(Stored data)
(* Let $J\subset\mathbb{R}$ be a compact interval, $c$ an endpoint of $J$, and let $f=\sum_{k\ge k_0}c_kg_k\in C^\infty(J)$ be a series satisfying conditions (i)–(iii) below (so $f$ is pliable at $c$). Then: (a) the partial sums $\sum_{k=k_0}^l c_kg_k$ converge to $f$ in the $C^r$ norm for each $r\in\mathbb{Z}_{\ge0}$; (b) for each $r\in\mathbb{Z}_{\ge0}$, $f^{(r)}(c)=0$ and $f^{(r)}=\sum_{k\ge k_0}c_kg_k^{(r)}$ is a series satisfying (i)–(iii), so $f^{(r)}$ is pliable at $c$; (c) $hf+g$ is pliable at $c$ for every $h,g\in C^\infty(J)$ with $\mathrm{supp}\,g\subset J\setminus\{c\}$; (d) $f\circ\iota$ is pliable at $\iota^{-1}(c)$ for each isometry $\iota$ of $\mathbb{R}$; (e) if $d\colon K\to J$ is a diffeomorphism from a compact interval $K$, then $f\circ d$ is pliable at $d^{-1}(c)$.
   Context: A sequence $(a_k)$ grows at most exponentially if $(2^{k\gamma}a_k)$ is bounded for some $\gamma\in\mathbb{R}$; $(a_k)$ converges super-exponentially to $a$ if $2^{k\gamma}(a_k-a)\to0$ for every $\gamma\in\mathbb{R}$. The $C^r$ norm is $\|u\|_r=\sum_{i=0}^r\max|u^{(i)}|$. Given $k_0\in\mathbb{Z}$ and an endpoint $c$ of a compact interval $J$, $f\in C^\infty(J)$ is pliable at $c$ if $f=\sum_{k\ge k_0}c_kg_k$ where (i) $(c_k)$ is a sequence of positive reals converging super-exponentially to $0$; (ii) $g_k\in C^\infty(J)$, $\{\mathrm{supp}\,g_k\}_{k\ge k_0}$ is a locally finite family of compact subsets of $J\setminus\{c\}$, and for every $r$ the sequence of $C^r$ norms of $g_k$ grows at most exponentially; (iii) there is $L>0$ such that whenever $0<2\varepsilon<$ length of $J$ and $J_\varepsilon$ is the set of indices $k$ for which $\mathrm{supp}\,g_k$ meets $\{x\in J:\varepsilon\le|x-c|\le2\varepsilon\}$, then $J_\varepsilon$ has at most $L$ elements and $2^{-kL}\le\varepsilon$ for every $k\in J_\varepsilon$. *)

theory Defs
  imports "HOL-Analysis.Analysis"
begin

==

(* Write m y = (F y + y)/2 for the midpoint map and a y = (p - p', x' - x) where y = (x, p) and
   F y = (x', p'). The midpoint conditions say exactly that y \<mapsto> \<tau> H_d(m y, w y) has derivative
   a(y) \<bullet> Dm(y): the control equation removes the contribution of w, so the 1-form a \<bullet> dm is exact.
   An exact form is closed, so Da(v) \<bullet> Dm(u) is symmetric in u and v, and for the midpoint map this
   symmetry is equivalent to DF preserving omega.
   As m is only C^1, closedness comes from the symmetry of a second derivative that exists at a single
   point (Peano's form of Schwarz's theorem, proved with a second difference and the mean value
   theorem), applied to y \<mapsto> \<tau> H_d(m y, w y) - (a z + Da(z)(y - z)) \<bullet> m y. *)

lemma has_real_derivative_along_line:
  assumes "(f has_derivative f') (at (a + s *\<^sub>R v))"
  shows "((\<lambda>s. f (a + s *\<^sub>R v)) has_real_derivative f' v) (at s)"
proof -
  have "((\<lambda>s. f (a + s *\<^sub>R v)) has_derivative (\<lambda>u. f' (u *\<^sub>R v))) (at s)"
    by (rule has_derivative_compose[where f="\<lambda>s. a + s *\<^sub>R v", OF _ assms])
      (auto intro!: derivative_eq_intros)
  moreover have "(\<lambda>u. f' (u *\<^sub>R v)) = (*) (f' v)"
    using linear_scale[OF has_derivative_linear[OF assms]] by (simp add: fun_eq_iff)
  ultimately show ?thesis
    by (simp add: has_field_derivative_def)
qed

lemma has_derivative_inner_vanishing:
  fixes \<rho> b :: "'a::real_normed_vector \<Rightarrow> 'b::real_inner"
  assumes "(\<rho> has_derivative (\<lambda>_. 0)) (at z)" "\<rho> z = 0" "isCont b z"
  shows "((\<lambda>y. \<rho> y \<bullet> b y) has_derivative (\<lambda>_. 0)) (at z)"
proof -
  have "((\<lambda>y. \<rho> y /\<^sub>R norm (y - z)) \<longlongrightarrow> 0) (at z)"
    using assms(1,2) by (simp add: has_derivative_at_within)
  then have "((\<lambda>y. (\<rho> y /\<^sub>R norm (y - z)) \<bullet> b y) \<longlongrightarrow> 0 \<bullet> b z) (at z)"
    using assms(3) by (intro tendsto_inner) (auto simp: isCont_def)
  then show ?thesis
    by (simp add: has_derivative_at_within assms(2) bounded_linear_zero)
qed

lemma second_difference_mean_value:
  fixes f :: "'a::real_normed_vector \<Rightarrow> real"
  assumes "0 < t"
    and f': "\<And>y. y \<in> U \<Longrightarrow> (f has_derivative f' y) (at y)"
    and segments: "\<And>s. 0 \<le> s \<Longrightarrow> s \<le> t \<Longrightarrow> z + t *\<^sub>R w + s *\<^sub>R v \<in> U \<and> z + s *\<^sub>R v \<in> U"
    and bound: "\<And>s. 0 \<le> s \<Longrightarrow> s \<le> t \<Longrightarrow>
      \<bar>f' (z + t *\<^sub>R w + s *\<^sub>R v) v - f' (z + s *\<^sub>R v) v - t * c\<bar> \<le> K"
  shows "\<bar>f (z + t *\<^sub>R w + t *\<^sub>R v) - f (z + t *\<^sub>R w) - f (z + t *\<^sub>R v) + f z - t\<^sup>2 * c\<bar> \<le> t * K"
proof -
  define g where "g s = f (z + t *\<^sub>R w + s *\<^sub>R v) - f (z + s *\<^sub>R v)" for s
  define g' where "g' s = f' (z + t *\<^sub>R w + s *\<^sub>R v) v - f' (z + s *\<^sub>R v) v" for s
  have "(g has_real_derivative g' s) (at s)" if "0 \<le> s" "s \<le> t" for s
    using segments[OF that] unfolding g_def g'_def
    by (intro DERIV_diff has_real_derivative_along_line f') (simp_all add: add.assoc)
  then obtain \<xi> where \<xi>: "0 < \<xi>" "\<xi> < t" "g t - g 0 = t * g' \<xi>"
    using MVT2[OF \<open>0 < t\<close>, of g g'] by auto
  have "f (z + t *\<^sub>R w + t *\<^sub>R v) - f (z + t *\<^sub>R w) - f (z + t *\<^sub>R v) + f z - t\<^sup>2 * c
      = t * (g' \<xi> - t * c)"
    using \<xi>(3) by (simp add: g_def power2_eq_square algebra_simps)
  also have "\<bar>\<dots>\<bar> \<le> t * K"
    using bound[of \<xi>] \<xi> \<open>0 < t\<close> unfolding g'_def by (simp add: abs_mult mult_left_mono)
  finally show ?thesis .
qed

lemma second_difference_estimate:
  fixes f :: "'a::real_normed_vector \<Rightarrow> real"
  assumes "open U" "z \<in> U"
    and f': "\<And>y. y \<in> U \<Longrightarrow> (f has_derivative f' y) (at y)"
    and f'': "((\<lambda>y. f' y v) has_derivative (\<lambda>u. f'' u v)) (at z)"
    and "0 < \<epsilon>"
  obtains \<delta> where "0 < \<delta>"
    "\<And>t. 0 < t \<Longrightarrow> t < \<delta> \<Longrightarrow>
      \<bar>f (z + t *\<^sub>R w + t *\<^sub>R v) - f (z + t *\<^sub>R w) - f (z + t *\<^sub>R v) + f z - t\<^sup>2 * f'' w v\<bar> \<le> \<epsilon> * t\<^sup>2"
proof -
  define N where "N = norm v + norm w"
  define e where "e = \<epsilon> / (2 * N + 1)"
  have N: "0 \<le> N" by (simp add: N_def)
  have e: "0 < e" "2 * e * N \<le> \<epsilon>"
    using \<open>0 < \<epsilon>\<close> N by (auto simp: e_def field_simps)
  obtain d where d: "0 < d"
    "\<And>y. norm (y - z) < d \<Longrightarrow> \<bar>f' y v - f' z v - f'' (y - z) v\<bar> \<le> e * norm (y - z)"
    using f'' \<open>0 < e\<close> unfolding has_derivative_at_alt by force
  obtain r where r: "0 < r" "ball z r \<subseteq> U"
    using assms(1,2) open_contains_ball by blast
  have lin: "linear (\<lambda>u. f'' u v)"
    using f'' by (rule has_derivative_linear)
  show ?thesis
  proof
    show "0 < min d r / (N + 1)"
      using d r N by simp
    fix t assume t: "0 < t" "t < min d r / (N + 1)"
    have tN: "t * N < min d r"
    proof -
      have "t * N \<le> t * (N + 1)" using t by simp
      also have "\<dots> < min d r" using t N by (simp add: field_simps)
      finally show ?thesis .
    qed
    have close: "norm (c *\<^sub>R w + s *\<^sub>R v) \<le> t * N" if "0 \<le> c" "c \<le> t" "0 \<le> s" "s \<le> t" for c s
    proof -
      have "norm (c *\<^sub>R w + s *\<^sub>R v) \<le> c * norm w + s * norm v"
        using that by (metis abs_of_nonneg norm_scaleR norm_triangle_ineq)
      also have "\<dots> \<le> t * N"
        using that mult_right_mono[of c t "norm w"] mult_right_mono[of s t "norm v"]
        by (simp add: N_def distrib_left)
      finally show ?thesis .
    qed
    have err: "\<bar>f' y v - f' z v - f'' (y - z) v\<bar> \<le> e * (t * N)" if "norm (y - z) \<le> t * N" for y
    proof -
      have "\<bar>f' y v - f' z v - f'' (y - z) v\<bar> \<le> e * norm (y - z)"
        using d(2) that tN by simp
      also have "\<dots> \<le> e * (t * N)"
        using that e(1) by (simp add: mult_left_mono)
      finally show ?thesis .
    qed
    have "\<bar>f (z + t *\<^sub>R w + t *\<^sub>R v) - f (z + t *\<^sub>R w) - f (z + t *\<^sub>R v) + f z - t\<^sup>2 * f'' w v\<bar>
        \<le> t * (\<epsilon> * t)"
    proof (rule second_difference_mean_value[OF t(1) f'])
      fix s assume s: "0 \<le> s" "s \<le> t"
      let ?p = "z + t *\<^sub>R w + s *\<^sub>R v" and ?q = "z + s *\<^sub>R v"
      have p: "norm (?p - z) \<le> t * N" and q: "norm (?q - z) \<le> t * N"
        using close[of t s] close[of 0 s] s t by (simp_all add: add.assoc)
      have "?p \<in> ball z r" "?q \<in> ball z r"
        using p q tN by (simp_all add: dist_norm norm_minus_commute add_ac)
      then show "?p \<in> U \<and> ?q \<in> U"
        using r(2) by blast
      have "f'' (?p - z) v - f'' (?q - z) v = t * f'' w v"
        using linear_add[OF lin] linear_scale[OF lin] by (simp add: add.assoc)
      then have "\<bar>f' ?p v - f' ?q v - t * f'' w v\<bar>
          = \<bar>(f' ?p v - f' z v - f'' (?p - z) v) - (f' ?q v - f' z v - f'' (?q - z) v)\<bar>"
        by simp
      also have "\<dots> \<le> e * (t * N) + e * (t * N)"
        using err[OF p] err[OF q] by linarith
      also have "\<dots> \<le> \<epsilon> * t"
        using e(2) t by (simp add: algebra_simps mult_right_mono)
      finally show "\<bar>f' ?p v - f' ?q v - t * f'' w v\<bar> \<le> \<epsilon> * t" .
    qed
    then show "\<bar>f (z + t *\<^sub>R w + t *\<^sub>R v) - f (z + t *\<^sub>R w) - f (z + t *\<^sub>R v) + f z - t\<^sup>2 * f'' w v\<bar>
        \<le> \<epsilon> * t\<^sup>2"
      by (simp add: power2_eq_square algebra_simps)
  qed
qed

Task: Once you find the line with "using bound[of \<xi>]" above, print it and every line after it up to and including the line with "< d \<Longrightarrow>", exactly as written and nothing else.

Written answer:
    using bound[of \<xi>] \<xi> \<open>0 < t\<close> unfolding g'_def by (simp add: abs_mult mult_left_mono)
  finally show ?thesis .
qed

lemma second_difference_estimate:
  fixes f :: "'a::real_normed_vector \<Rightarrow> real"
  assumes "open U" "z \<in> U"
    and f': "\<And>y. y \<in> U \<Longrightarrow> (f has_derivative f' y) (at y)"
    and f'': "((\<lambda>y. f' y v) has_derivative (\<lambda>u. f'' u v)) (at z)"
    and "0 < \<epsilon>"
  obtains \<delta> where "0 < \<delta>"
    "\<And>t. 0 < t \<Longrightarrow> t < \<delta> \<Longrightarrow>
      \<bar>f (z + t *\<^sub>R w + t *\<^sub>R v) - f (z + t *\<^sub>R w) - f (z + t *\<^sub>R v) + f z - t\<^sup>2 * f'' w v\<bar> \<le> \<epsilon> * t\<^sup>2"
proof -
  define N where "N = norm v + norm w"
  define e where "e = \<epsilon> / (2 * N + 1)"
  have N: "0 \<le> N" by (simp add: N_def)
  have e: "0 < e" "2 * e * N \<le> \<epsilon>"
    using \<open>0 < \<epsilon>\<close> N by (auto simp: e_def field_simps)
  obtain d where d: "0 < d"
    "\<And>y. norm (y - z) < d \<Longrightarrow> \<bar>f' y v - f' z v - f'' (y - z) v\<bar> \<le> e * norm (y - z)"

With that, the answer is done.